» DIRECTIONS
Each entry that appears below should be restated word for word.

────────────────────

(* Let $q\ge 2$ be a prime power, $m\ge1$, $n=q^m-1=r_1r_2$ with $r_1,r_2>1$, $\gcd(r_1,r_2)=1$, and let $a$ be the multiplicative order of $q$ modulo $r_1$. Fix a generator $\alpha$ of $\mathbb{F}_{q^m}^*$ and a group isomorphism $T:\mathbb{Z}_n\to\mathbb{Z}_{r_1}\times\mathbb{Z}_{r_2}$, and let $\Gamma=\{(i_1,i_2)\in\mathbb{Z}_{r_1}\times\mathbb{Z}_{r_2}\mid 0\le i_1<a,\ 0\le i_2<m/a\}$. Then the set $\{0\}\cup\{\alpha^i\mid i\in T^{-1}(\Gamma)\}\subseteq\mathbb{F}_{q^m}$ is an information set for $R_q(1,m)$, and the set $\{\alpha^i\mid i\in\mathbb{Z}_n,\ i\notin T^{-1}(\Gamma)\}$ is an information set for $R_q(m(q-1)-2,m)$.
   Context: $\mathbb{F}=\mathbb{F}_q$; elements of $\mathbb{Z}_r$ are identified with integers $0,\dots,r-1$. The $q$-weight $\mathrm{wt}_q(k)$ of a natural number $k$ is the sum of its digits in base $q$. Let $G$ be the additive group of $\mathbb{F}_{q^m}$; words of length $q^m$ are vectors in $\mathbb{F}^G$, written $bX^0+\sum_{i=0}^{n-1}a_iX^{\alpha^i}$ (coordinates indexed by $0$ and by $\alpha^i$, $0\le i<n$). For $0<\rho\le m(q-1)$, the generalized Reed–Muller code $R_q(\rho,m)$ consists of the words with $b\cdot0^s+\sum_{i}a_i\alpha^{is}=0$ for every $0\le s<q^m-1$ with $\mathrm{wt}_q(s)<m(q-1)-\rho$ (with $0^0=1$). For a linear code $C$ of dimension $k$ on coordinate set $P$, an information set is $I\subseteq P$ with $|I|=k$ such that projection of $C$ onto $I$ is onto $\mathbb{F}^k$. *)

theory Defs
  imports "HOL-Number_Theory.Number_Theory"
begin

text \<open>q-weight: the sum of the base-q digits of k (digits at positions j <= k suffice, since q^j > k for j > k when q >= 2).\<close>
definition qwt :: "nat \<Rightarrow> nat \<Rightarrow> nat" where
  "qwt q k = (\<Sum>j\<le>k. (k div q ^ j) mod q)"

────────────────────

» TASK RESPONSE
(* Let $q\ge 2$ be a prime power, $m\ge1$, $n=q^m-1=r_1r_2$ with $r_1,r_2>1$, $\gcd(r_1,r_2)=1$, and let $a$ be the multiplicative order of $q$ modulo $r_1$. Fix a generator $\alpha$ of $\mathbb{F}_{q^m}^*$ and a group isomorphism $T:\mathbb{Z}_n\to\mathbb{Z}_{r_1}\times\mathbb{Z}_{r_2}$, and let $\Gamma=\{(i_1,i_2)\in\mathbb{Z}_{r_1}\times\mathbb{Z}_{r_2}\mid 0\le i_1<a,\ 0\le i_2<m/a\}$. Then the set $\{0\}\cup\{\alpha^i\mid i\in T^{-1}(\Gamma)\}\subseteq\mathbb{F}_{q^m}$ is an information set for $R_q(1,m)$, and the set $\{\alpha^i\mid i\in\mathbb{Z}_n,\ i\notin T^{-1}(\Gamma)\}$ is an information set for $R_q(m(q-1)-2,m)$.
   Context: $\mathbb{F}=\mathbb{F}_q$; elements of $\mathbb{Z}_r$ are identified with integers $0,\dots,r-1$. The $q$-weight $\mathrm{wt}_q(k)$ of a natural number $k$ is the sum of its digits in base $q$. Let $G$ be the additive group of $\mathbb{F}_{q^m}$; words of length $q^m$ are vectors in $\mathbb{F}^G$, written $bX^0+\sum_{i=0}^{n-1}a_iX^{\alpha^i}$ (coordinates indexed by $0$ and by $\alpha^i$, $0\le i<n$). For $0<\rho\le m(q-1)$, the generalized Reed–Muller code $R_q(\rho,m)$ consists of the words with $b\cdot0^s+\sum_{i}a_i\alpha^{is}=0$ for every $0\le s<q^m-1$ with $\mathrm{wt}_q(s)<m(q-1)-\rho$ (with $0^0=1$). For a linear code $C$ of dimension $k$ on coordinate set $P$, an information set is $I\subseteq P$ with $|I|=k$ such that projection of $C$ onto $I$ is onto $\mathbb{F}^k$. *)

theory Defs
  imports "HOL-Number_Theory.Number_Theory"
begin

text \<open>q-weight: the sum of the base-q digits of k (digits at positions j <= k suffice, since q^j > k for j > k when q >= 2).\<close>
definition qwt :: "nat \<Rightarrow> nat \<Rightarrow> nat" where
  "qwt q k = (\<Sum>j\<le>k. (k div q ^ j) mod q)"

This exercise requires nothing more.